» **YOUR INSTRUCTIONS**: In the records below, find the line with "rot = face_of" and the line with "rotation system whose". Print both exactly, along with every line between them, and no other line.

» **Records from a data source**:
'''
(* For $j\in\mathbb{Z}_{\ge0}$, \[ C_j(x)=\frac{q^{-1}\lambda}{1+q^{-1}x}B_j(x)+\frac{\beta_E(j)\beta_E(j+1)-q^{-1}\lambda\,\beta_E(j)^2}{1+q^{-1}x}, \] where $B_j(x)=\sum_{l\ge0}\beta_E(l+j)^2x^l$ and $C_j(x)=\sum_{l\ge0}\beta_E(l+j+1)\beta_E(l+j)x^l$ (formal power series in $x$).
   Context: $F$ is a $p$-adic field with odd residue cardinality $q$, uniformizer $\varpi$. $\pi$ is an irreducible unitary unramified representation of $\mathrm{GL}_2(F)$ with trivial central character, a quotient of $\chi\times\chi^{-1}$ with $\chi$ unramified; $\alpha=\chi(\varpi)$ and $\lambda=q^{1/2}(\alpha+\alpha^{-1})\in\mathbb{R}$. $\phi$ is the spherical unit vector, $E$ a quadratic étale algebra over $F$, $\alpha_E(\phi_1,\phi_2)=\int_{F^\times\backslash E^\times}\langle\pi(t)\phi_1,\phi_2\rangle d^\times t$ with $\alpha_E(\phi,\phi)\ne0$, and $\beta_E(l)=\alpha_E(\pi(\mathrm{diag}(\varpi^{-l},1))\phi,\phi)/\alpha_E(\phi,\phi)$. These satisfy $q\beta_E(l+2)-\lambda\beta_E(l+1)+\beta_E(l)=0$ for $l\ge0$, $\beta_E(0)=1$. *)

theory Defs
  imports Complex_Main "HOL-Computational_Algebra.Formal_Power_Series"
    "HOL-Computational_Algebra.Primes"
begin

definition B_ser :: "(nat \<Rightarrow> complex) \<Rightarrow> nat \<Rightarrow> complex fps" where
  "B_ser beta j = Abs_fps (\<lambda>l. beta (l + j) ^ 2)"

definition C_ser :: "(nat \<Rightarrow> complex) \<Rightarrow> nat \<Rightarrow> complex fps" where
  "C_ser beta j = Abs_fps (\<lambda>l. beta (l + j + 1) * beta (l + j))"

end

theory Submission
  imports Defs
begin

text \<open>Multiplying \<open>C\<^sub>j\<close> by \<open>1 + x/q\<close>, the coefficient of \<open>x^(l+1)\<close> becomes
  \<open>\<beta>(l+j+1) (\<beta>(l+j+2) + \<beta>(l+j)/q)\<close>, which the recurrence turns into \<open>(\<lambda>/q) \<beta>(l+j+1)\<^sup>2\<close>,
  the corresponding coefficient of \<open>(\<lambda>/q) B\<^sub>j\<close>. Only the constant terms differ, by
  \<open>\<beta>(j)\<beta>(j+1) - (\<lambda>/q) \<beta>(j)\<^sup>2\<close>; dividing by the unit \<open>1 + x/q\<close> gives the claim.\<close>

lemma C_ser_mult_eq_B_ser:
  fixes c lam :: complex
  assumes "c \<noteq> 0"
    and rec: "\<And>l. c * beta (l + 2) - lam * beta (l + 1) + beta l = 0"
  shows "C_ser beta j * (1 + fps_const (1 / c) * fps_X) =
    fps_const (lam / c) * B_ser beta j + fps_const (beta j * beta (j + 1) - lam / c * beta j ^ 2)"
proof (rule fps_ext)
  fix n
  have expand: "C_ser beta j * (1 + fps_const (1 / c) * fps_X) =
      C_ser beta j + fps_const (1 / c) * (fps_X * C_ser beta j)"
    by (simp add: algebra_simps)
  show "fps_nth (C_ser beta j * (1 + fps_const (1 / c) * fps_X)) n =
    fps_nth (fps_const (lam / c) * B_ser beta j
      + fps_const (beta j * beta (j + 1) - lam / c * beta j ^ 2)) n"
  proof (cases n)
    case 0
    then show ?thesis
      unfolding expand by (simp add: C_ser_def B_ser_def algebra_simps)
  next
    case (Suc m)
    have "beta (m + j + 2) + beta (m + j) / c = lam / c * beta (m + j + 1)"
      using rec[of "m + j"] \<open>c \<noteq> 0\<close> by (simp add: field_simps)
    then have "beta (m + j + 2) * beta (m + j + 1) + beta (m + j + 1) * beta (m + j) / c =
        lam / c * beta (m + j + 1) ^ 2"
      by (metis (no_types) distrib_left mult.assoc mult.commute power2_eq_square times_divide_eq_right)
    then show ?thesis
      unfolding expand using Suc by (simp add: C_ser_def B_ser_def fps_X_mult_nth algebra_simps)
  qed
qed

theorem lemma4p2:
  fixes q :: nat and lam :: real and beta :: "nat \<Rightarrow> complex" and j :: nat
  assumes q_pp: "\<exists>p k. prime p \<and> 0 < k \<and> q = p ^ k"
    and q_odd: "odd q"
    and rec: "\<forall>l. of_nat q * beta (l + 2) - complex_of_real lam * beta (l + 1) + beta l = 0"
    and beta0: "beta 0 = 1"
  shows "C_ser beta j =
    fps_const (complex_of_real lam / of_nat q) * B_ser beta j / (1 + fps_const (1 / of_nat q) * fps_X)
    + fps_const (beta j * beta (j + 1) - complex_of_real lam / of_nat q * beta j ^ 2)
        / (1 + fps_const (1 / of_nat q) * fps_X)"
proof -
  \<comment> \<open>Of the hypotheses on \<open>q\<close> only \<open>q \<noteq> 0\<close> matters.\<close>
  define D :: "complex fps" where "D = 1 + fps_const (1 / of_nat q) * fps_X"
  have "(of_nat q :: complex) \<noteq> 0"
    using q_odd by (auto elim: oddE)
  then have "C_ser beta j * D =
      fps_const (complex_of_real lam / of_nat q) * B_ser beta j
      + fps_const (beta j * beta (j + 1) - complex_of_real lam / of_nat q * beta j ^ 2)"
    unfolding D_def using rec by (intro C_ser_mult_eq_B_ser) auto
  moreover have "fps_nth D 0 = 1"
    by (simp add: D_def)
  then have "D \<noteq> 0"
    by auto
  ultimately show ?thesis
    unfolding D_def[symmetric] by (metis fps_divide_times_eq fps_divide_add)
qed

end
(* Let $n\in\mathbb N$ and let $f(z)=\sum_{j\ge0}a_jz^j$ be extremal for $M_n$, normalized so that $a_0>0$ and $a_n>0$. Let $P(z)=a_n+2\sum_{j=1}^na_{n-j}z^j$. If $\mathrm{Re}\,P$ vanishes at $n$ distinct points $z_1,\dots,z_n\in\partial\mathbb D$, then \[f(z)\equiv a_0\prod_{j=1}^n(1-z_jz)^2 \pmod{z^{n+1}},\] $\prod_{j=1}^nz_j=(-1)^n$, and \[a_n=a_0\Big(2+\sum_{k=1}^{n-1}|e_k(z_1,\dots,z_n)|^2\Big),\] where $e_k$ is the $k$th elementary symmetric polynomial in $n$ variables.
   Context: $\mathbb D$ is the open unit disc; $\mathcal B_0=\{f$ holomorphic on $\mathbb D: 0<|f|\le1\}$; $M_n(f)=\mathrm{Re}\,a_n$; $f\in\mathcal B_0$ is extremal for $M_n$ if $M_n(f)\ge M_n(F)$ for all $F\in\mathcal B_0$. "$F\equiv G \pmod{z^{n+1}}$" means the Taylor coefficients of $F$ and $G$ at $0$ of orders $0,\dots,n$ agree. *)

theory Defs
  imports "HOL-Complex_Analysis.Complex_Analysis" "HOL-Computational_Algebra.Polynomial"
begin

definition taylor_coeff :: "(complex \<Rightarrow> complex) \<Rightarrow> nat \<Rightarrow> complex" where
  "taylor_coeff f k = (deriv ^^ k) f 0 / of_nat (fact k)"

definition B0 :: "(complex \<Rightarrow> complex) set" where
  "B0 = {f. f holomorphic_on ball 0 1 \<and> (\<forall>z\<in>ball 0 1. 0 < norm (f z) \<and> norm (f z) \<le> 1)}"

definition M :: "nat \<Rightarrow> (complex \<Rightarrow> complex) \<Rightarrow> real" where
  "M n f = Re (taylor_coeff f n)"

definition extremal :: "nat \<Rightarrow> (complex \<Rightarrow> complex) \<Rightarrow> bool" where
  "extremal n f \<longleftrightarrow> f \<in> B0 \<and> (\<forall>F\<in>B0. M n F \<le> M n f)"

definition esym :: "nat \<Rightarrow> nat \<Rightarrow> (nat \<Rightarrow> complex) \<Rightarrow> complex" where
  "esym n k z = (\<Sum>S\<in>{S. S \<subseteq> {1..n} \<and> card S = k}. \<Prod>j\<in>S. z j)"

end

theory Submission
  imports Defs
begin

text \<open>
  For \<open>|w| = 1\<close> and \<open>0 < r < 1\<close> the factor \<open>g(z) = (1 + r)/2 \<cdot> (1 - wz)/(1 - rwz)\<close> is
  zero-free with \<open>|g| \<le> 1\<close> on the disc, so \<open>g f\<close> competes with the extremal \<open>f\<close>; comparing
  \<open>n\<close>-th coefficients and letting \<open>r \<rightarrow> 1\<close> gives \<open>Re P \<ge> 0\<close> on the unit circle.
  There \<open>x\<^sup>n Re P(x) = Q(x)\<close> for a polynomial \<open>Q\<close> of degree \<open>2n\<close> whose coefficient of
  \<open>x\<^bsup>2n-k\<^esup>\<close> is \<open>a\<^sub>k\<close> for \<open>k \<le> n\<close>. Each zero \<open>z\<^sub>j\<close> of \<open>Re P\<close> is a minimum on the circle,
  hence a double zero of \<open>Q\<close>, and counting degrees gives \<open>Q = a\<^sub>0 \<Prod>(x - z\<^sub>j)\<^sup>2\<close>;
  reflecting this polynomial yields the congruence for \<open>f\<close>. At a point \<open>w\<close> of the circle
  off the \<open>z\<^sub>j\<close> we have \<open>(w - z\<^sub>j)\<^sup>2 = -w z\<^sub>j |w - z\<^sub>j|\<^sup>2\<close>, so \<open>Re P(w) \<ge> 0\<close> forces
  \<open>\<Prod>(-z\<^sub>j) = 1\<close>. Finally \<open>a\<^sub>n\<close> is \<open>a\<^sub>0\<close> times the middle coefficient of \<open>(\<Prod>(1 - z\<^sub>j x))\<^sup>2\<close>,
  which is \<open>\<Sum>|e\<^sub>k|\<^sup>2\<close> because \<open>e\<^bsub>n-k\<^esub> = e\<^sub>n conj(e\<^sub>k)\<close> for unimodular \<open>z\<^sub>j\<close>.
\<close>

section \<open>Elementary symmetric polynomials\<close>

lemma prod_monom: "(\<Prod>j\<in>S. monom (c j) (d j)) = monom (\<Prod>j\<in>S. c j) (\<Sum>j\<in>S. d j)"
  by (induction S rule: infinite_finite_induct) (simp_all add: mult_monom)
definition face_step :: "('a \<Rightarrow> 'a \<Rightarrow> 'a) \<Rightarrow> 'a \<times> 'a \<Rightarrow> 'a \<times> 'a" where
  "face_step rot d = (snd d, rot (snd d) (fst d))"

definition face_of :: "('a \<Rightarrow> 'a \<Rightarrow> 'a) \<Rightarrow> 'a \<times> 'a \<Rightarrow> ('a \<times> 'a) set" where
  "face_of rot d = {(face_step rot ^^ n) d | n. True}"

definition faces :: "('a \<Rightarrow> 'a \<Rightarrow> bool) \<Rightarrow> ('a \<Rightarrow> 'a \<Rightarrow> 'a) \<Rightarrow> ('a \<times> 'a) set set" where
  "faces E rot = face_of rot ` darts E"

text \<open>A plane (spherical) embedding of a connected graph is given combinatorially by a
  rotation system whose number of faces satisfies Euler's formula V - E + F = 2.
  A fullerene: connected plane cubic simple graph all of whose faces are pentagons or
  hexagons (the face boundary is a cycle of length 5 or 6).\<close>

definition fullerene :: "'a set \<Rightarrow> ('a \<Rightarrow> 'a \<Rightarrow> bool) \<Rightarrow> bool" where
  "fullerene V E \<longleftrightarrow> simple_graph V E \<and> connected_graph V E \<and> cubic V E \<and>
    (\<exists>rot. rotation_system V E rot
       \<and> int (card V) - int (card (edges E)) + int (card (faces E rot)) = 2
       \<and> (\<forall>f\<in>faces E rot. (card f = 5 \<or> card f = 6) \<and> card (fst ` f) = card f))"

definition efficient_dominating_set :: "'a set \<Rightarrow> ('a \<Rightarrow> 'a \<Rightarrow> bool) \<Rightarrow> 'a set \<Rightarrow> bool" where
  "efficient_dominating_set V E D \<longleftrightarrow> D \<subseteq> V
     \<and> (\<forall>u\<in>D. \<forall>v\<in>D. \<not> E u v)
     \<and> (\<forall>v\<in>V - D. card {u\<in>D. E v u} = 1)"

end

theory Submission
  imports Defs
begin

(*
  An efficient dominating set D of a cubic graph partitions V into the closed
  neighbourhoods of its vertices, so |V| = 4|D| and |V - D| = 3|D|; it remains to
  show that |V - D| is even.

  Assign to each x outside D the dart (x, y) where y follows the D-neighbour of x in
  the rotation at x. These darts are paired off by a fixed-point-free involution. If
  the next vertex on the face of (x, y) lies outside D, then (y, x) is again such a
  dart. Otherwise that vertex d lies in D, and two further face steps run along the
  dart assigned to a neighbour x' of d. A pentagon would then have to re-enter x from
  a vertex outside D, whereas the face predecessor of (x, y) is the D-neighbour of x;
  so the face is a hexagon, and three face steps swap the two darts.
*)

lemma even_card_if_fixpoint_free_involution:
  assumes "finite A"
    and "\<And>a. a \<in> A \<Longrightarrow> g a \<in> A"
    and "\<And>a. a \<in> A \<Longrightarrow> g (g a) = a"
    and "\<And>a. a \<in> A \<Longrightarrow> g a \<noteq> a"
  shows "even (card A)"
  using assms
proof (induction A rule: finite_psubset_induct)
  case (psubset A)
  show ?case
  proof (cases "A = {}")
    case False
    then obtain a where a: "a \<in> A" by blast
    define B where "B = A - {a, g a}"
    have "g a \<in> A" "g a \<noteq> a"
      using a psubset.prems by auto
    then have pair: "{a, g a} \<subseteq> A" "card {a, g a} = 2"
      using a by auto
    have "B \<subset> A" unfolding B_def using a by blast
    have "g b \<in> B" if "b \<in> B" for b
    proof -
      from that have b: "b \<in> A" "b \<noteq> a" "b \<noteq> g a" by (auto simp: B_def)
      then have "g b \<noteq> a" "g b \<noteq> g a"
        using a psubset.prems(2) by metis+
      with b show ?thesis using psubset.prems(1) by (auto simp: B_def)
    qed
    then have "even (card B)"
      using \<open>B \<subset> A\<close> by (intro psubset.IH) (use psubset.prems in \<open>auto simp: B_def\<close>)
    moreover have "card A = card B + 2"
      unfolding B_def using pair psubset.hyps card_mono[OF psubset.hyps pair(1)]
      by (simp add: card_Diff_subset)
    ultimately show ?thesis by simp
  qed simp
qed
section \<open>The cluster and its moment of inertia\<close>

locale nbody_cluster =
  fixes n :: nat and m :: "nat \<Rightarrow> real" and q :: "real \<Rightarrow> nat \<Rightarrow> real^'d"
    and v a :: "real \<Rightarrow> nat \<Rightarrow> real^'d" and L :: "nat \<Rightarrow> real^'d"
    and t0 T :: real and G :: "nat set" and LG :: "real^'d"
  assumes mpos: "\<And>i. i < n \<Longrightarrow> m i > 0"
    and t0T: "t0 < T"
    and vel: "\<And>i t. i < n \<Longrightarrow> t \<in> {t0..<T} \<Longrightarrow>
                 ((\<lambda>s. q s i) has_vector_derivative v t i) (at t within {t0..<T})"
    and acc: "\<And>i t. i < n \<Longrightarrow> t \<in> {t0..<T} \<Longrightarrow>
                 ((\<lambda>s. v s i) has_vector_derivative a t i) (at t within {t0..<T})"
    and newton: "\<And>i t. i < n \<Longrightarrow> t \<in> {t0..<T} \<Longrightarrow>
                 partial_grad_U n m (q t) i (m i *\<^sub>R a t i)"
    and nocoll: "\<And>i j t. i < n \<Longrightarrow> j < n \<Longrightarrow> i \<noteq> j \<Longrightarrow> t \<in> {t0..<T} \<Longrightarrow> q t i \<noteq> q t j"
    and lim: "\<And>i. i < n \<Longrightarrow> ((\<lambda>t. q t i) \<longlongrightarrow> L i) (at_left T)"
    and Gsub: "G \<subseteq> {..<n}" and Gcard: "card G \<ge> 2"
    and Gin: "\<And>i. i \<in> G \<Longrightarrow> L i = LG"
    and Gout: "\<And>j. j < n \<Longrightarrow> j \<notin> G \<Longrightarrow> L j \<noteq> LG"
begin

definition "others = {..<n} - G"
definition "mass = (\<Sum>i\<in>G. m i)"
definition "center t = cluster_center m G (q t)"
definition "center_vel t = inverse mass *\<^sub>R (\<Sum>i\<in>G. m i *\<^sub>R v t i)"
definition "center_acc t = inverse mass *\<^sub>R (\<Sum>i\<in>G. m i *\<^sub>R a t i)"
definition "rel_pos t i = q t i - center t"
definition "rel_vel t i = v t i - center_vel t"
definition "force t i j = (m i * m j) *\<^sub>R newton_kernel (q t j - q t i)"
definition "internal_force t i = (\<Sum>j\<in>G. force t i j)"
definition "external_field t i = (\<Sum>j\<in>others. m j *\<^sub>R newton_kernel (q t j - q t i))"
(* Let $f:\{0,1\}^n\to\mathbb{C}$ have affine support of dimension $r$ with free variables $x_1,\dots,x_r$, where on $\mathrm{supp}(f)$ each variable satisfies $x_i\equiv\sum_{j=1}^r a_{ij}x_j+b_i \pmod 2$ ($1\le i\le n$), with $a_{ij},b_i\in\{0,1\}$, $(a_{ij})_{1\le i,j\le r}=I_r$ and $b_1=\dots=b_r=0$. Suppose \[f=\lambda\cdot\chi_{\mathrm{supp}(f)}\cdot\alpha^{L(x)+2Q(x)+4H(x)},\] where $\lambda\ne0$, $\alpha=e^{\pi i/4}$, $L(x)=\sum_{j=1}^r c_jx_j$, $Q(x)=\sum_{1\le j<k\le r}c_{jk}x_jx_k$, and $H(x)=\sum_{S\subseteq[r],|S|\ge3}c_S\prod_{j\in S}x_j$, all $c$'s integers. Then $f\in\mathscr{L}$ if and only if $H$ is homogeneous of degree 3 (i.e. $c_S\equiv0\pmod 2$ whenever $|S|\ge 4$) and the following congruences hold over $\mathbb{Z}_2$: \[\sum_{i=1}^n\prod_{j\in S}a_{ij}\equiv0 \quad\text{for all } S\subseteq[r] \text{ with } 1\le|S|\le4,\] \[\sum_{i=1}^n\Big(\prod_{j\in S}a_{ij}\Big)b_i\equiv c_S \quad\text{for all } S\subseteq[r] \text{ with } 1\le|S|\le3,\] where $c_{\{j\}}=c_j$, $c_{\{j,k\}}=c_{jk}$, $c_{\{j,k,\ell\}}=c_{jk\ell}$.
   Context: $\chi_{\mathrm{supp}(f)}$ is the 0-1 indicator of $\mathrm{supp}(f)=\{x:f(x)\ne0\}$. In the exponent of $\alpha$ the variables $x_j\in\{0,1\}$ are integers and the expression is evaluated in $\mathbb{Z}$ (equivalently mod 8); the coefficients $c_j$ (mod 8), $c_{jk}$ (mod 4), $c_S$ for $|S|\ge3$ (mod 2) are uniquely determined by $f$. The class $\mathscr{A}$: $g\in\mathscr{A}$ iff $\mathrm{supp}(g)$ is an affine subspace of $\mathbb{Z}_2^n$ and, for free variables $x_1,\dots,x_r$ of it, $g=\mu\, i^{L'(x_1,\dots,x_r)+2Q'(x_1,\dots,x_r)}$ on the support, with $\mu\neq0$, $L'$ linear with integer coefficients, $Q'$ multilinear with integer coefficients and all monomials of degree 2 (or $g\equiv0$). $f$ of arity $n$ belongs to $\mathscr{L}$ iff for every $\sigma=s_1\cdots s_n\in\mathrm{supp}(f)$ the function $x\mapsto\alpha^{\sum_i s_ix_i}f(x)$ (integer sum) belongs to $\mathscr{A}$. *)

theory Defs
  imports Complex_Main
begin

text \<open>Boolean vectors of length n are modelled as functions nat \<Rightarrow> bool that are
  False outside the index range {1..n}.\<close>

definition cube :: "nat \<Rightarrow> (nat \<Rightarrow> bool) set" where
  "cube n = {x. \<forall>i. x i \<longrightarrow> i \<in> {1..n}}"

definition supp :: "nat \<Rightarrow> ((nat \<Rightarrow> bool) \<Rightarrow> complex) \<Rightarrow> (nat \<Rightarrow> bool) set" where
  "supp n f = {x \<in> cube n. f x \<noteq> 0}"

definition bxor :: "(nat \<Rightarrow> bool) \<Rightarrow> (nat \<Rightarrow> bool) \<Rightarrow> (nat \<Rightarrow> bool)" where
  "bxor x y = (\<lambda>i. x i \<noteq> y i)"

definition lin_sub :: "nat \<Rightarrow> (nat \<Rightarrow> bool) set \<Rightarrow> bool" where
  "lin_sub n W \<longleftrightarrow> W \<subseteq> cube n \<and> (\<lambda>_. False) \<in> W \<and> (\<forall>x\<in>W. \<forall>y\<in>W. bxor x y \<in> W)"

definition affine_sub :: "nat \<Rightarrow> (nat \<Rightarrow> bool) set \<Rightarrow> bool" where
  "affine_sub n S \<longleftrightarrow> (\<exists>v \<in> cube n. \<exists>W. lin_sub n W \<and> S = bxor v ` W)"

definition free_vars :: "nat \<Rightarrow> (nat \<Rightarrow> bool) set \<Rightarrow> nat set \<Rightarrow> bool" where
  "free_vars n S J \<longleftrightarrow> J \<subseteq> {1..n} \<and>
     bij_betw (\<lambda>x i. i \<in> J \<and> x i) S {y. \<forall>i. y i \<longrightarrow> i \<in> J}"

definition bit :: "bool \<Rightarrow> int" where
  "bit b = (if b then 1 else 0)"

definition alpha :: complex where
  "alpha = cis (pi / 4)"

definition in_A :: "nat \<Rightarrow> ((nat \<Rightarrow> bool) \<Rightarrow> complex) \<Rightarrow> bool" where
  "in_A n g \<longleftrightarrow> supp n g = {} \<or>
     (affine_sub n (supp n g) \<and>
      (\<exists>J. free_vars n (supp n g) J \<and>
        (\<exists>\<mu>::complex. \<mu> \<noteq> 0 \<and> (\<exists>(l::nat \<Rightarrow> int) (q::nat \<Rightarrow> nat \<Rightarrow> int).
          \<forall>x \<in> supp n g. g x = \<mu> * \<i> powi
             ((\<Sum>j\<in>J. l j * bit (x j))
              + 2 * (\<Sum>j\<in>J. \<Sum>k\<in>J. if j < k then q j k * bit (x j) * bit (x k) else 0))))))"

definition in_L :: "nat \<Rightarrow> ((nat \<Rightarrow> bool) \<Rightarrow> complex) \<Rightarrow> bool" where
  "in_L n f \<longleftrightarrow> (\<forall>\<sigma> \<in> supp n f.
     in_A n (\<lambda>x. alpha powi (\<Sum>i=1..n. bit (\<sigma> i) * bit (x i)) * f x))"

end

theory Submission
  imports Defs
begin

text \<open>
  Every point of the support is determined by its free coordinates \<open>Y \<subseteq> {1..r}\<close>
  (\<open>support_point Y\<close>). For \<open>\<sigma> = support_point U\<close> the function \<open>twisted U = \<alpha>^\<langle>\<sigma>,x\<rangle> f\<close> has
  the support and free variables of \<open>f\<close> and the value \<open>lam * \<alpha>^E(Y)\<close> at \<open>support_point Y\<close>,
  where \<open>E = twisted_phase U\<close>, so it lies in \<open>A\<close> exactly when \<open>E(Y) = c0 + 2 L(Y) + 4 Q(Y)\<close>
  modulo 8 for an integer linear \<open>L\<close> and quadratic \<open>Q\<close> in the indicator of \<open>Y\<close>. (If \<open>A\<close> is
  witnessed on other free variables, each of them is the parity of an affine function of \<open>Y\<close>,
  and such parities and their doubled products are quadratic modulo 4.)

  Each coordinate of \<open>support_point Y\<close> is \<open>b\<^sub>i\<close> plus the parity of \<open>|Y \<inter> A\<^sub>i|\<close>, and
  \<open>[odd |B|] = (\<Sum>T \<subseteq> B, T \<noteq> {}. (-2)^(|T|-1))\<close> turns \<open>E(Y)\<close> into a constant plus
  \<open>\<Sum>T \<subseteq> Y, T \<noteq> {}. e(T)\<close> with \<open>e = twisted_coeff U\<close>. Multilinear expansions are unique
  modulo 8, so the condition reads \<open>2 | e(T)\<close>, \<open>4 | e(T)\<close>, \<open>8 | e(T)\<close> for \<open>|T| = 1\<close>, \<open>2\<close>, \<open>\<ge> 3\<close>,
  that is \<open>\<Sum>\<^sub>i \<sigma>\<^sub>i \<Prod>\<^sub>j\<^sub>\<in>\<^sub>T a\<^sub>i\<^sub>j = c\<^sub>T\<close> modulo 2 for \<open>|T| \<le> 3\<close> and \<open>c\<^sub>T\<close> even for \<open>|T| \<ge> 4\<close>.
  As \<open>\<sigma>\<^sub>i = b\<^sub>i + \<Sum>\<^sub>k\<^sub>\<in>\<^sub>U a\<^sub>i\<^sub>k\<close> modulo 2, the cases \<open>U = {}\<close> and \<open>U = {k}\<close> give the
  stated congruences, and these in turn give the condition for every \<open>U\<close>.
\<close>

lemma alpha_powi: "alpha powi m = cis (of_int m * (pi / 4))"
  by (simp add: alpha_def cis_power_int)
'''
» **EXERCISE OUTPUT**:
  "faces E rot = face_of rot ` darts E"

text \<open>A plane (spherical) embedding of a connected graph is given combinatorially by a
  rotation system whose number of faces satisfies Euler's formula V - E + F = 2.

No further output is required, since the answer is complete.